8. Tomando casi al pie
de la letra las enseñanzas de la Constitución Dei Filius del Concilio Vaticano I y
teniendo en cuenta los principios propuestos por el Concilio Tridentino, la Constitución
Dei Verbum del Vaticano II ha continuado el secular camino de la inteligencia de la fe,
reflexionando sobre la Revelación a la luz de las enseñanzas bíblicas y de toda la
tradición patrística. En el Primer Concilio Vaticano, los Padres habían puesto en
evidencia el carácter sobrenatural de la revelación de Dios. La crítica racionalista,
que en aquel período atacaba la fe sobre la base de tesis erróneas y muy difundidas,
consistía en negar todo conocimiento que no fuese fruto de las capacidades naturales de
la razón. Este hecho obligó al Concilio a sostener con fuerza que, además del
conocimiento propio de la razón humana, capaz por su naturaleza de llegar hasta el
Creador, existe un conocimiento que es peculiar de la fe. Este conocimiento expresa una
verdad que se basa en el hecho mismo de que Dios se revela, y es una verdad muy cierta
porque Dios ni engaña ni quiere engañar.
9. El Concilio Vaticano
I enseña, pues, que la verdad alcanzada a través de la reflexión filosófica y la
verdad que proviene de la Revelación no se confunden, ni una hace superflua la otra:
«Hay un doble orden de conocimiento, distinto no sólo por su principio, sino también
por su objeto; por su principio, primeramente, porque en uno conocemos por razón natural,
y en otro por fe divina; por su objeto también porque aparte aquellas cosas que la razón
natural puede alcanzar, se nos proponen para creer misterios escondidos en Dios de los
que, a no haber sido divinamente revelados, no se pudiera tener noticia».7 La fe, que se
funda en el testimonio de Dios y cuenta con la ayuda sobrenatural de la gracia, pertenece
efectivamente a un orden diverso del conocimiento filosófico. Éste, en efecto, se apoya
sobre la percepción de los sentidos y la experiencia, y se mueve a la luz de la sola
inteligencia. La filosofía y las ciencias tienen su puesto en el orden de la razón
natural, mientras que la fe, iluminada y guiada por el Espíritu, reconoce en el mensaje
de la salvación la «plenitud de gracia y de verdad» (cf.
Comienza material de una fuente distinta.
(* Let $k$ be an odd positive integer. Then $\Bbbk_{-1}[u,v]^{G_{2,k}}\cong\Bbbk[u,v]^{\frac1{4k}(1,2k+1)}$; in particular it is a commutative cyclic quotient singularity.
   Context: $\Bbbk$ is algebraically closed of characteristic $0$; $\Bbbk_{-1}[u,v]=\Bbbk\langle u,v\rangle/(vu+uv)$; matrices $\begin{pmatrix}a&b\\c&d\end{pmatrix}$ act by $u\mapsto au+cv$, $v\mapsto bu+dv$. $G_{n,k}$ is generated by $\mathrm{diag}(\omega^{2k},\omega^{-2k})$ and $\begin{pmatrix}0&\omega^n\\\omega^n&0\end{pmatrix}$ for $\omega$ a primitive $(2nk)$th root of unity. $\frac1m(1,b)$ is the cyclic group generated by $\mathrm{diag}(\omega_m,\omega_m^b)$ acting on the commutative polynomial ring $\Bbbk[u,v]$. *)

theory Defs
  imports "HOL-Library.Poly_Mapping" "HOL-Computational_Algebra.Polynomial"
begin

text \<open>Elements of the quantum plane k_q[u,v] (vu = q uv), for q = 1 (commutative
  polynomial ring k[u,v]) or q = -1 (skew ring k_{-1}[u,v]).  An element is a
  finitely supported coefficient function on the PBW basis u^i v^j, indexed by (i,j).\<close>

type_synonym 'k qpoly = "(nat \<times> nat) \<Rightarrow>\<^sub>0 'k"

definition qmonom :: "'k::zero \<Rightarrow> nat \<Rightarrow> nat \<Rightarrow> 'k qpoly" where
  "qmonom c i j = Poly_Mapping.single (i, j) c"

definition qmult :: "'k::comm_ring_1 \<Rightarrow> 'k qpoly \<Rightarrow> 'k qpoly \<Rightarrow> 'k qpoly" where
  "qmult q p r = (\<Sum>(i,j)\<in>Poly_Mapping.keys p. \<Sum>(a,b)\<in>Poly_Mapping.keys r.
      qmonom (q ^ (j * a) * Poly_Mapping.lookup p (i,j) * Poly_Mapping.lookup r (a,b)) (i + a) (j + b))"

definition qone :: "'k::comm_ring_1 qpoly" where
  "qone = qmonom 1 0 0"

definition qscale :: "'k::comm_ring_1 \<Rightarrow> 'k qpoly \<Rightarrow> 'k qpoly" where
  "qscale c p = Poly_Mapping.map (\<lambda>x. c * x) p"

fun qpow :: "'k::comm_ring_1 \<Rightarrow> 'k qpoly \<Rightarrow> nat \<Rightarrow> 'k qpoly" where
  "qpow q p 0 = qone"
| "qpow q p (Suc n) = qmult q (qpow q p n) p"

text \<open>2x2 matrices ((a,b),(c,d)) encoded as (a,b,c,d).\<close>
type_synonym 'k mat2 = "'k \<times> 'k \<times> 'k \<times> 'k"

fun mat2_mult :: "'k::comm_ring_1 mat2 \<Rightarrow> 'k mat2 \<Rightarrow> 'k mat2" where
  "mat2_mult (a,b,c,d) (a',b',c',d') =
     (a*a' + b*c', a*b' + b*d', c*a' + d*c', c*b' + d*d')"

definition mat2_id :: "'k::comm_ring_1 mat2" where
  "mat2_id = (1, 0, 0, 1)"

text \<open>The matrix (a,b,c,d) acts by u \<mapsto> a u + c v, v \<mapsto> b u + d v, extended
  multiplicatively (u^i v^j \<mapsto> (au+cv)^i (bu+dv)^j) and linearly.\<close>
fun mat2_act :: "'k::comm_ring_1 \<Rightarrow> 'k mat2 \<Rightarrow> 'k qpoly \<Rightarrow> 'k qpoly" where
  "mat2_act q (a,b,c,d) p =
     (\<Sum>(i,j)\<in>Poly_Mapping.keys p. qscale (Poly_Mapping.lookup p (i,j))
        (qmult q (qpow q (qmonom a 1 0 + qmonom c 0 1) i)
                 (qpow q (qmonom b 1 0 + qmonom d 0 1) j)))"

text \<open>The (finite) group generated by a set of matrices: closure under products.\<close>
inductive_set gen_group :: "'k::comm_ring_1 mat2 set \<Rightarrow> 'k mat2 set" for S where
  gen_id: "mat2_id \<in> gen_group S"
| gen_step: "M \<in> S \<Longrightarrow> g \<in> gen_group S \<Longrightarrow> mat2_mult M g \<in> gen_group S"

definition invariants :: "'k::comm_ring_1 \<Rightarrow> 'k mat2 set \<Rightarrow> 'k qpoly set" where
  "invariants q G = {p. \<forall>M\<in>G. mat2_act q M p = p}"

definition primitive_root :: "'k::comm_ring_1 \<Rightarrow> nat \<Rightarrow> bool" where
  "primitive_root w m \<longleftrightarrow> 0 < m \<and> w ^ m = 1 \<and> (\<forall>r. 0 < r \<and> r < m \<longrightarrow> w ^ r \<noteq> 1)"

text \<open>G_{n,k} with respect to a primitive (2nk)-th root of unity w.\<close>
definition G_nk :: "nat \<Rightarrow> nat \<Rightarrow> 'k::field \<Rightarrow> 'k mat2 set" where
  "G_nk n k w = gen_group {(w ^ (2*k), 0, 0, inverse (w ^ (2*k))), (0, w ^ n, w ^ n, 0)}"

text \<open>The cyclic group (1/m)(1,b) with respect to a primitive m-th root of unity w.\<close>
definition cyclic_grp :: "nat \<Rightarrow> nat \<Rightarrow> 'k::field \<Rightarrow> 'k mat2 set" where
  "cyclic_grp m b w = gen_group {(w, 0, 0, w ^ b)}"

definition qalg_iso :: "'k::comm_ring_1 \<Rightarrow> 'k qpoly set \<Rightarrow> 'k \<Rightarrow> 'k qpoly set \<Rightarrow> bool" where
  "qalg_iso p A q B \<longleftrightarrow> (\<exists>f. bij_betw f A B \<and> f qone = qone \<and>
     (\<forall>x\<in>A. \<forall>y\<in>A. f (x + y) = f x + f y \<and> f (qmult p x y) = qmult q (f x) (f y)) \<and>
     (\<forall>c. \<forall>x\<in>A. f (qscale c x) = qscale c (f x)))"

end

theory Submission
  imports Defs "HOL-Library.Product_Plus"
begin

text \<open>
  Both invariant rings are described by conditions on coefficients: an element of
  k_{-1}[u,v] is G_{2,k}-invariant iff its monomials u^i v^j have 2k dividing i + j and
  its coefficients satisfy c_{ji} = (-1)^{ij} c_{ij}. For \<iota>^2 = -1 the twist
  u^i v^j \<mapsto> \<iota>^{j^2} u^i v^j is multiplicative from the skew product to the commutative
  one on elements of even degree, because \<iota>^{(j+b)^2} = \<iota>^{j^2} \<iota>^{b^2} (-1)^{jb};
  it carries these invariants onto the invariants in k[u,v] of the group generated by
  z^2 I and u \<mapsto> v, v \<mapsto> -u. Diagonalising the latter conjugates this group to
  the one generated by z^2 I and diag(z^k, -z^k), which for odd k is the cyclic group
  generated by diag(z, z^{2k+1}) = diag(z, -z).
\<close>

lemma lookup_sum_single_inj:
  assumes "finite K" "inj s"
  shows "Poly_Mapping.lookup (\<Sum>x\<in>K. Poly_Mapping.single (s x) (f x)) (s y)
           = (if y \<in> K then f y else 0)"
proof -
  have "{x\<in>K. s x = s y} = (if y \<in> K then {y} else {})"
    using \<open>inj s\<close> by (auto dest: injD)
  then show ?thesis
    using assms(1) by (simp add: lookup_sum lookup_single when_def sum.inter_filter[symmetric])
qed

lemma poly_mapping_sum_single_keys:
  "(p::'a \<Rightarrow>\<^sub>0 'b::comm_monoid_add)
     = (\<Sum>x\<in>Poly_Mapping.keys p. Poly_Mapping.single x (Poly_Mapping.lookup p x))"
  by (rule poly_mapping_eqI)
     (simp add: lookup_sum_single_inj[where s=id, simplified] in_keys_iff)

lemma poly_mapping_times_eq_sum:
  "(p::'a::cancel_comm_monoid_add \<Rightarrow>\<^sub>0 'b::comm_semiring_1) * r
     = (\<Sum>x\<in>Poly_Mapping.keys p. \<Sum>y\<in>Poly_Mapping.keys r.
          Poly_Mapping.single (x + y) (Poly_Mapping.lookup p x * Poly_Mapping.lookup r y))"
proof -
  have "p * r = (\<Sum>x\<in>Poly_Mapping.keys p. Poly_Mapping.single x (Poly_Mapping.lookup p x))
      * (\<Sum>y\<in>Poly_Mapping.keys r. Poly_Mapping.single y (Poly_Mapping.lookup r y))"
    using poly_mapping_sum_single_keys[of p] poly_mapping_sum_single_keys[of r] by simp
  also have "\<dots> = (\<Sum>x\<in>Poly_Mapping.keys p. \<Sum>y\<in>Poly_Mapping.keys r.
      Poly_Mapping.single (x + y) (Poly_Mapping.lookup p x * Poly_Mapping.lookup r y))"
    by (simp add: sum_distrib_left sum_distrib_right mult_single) (rule sum.swap)
  finally show ?thesis .
qed

lemma qpoly_eq_iff:
  "p = r \<longleftrightarrow> (\<forall>i j. Poly_Mapping.lookup p (i,j) = Poly_Mapping.lookup r (i,j))"
proof (intro iffI poly_mapping_eqI)
  fix x assume "\<forall>i j. Poly_Mapping.lookup p (i,j) = Poly_Mapping.lookup r (i,j)"
  then show "Poly_Mapping.lookup p x = Poly_Mapping.lookup r x"
    by (cases x) simp
qed simp

lemma lookup_const_times:
  "Poly_Mapping.lookup (Poly_Mapping.single 0 c * p) x = c * Poly_Mapping.lookup p x"
  by (simp add: mult_map_scale_conv_mult[symmetric] map.rep_eq when_def)

lemma qmult_single:
  "qmult q (Poly_Mapping.single x c) (Poly_Mapping.single y d)
     = Poly_Mapping.single (x + y) (q ^ (snd x * fst y) * c * d)"
  by (cases x; cases y; cases "c = 0"; cases "d = 0") (simp_all add: qmult_def qmonom_def)

lemma qmult_1_eq_times: "qmult 1 p r = p * r"
  by (simp add: poly_mapping_times_eq_sum qmult_def qmonom_def case_prod_beta plus_prod_def)

lemma qone_eq_1: "qone = 1"
  by (simp add: qone_def qmonom_def zero_prod_def[symmetric])

lemma qscale_eq_const_times: "qscale c p = Poly_Mapping.single 0 c * p"
  by (simp add: qscale_def mult_map_scale_conv_mult)

lemma qpow_1_eq_power: "qpow 1 p n = p ^ n"
  by (induction n) (simp_all add: qone_eq_1 qmult_1_eq_times mult.commute)

lemma qpow_single_u: "qpow q (Poly_Mapping.single (1,0) a) n = Poly_Mapping.single (n,0) (a ^ n)"
  by (induction n) (simp_all add: qone_def qmonom_def qmult_single mult.commute)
Jn 1, 14) que Dios ha querido
revelar en la historia y de modo definitivo por medio de su Hijo Jesucristo (cf. 1 Jn 5,
9: Jn 5, 31-32).
10. En el Concilio
Vaticano II los Padres, dirigiendo su mirada a Jesús revelador, han ilustrado el
carácter salvífico de la revelación de Dios en la historia y han expresado su
naturaleza del modo siguiente: «En esta revelación, Dios invisible (cf. Col 1, 15; 1 Tm
1, 17), movido de amor, habla a los hombres como amigos (cf. Ex 33, 11; Jn 15, 14-15),
trata con ellos (cf. Ba 3, 38) para invitarlos y recibirlos en su compañía. El plan de
la revelación se realiza por obras y palabras intrínsecamente ligadas; las obras que
Dios realiza en la historia de la salvación manifiestan y confirman la doctrina y las
realidades que las palabras significan; a su vez, las palabras proclaman las obras y
explican su misterio. La verdad profunda de Dios y de la salvación del hombre que
transmite dicha revelación, resplandece en Cristo, mediador y plenitud de toda la
revelación».8
11. La revelación de
Dios se inserta, pues, en el tiempo y la historia, más aún, la encarnación de
Jesucristo, tiene lugar en la «plenitud de los tiempos» (Ga 4, 4). A dos mil años de
distancia de aquel acontecimiento, siento el deber de reafirmar con fuerza que «en el
cristianismo el tiempo tiene una importancia fundamental».9 En él tiene lugar toda la
obra de la creación y de la salvación y, sobre todo destaca el hecho de que con la
encarnación del Hijo de Dios vivimos y anticipamos ya desde ahora lo que será la
plenitud del tiempo (cf. Hb 1, 2).
La verdad que Dios ha
comunicado al hombre sobre sí mismo y sobre su vida se inserta, pues, en el tiempo y en
la historia. Es verdad que ha sido pronunciada de una vez para siempre en el misterio de
Jesús de Nazaret. Lo dice con palabras elocuentes la Constitución Dei Verbum: «Dios
habló a nuestros padres en distintas ocasiones y de muchas maneras por los profetas.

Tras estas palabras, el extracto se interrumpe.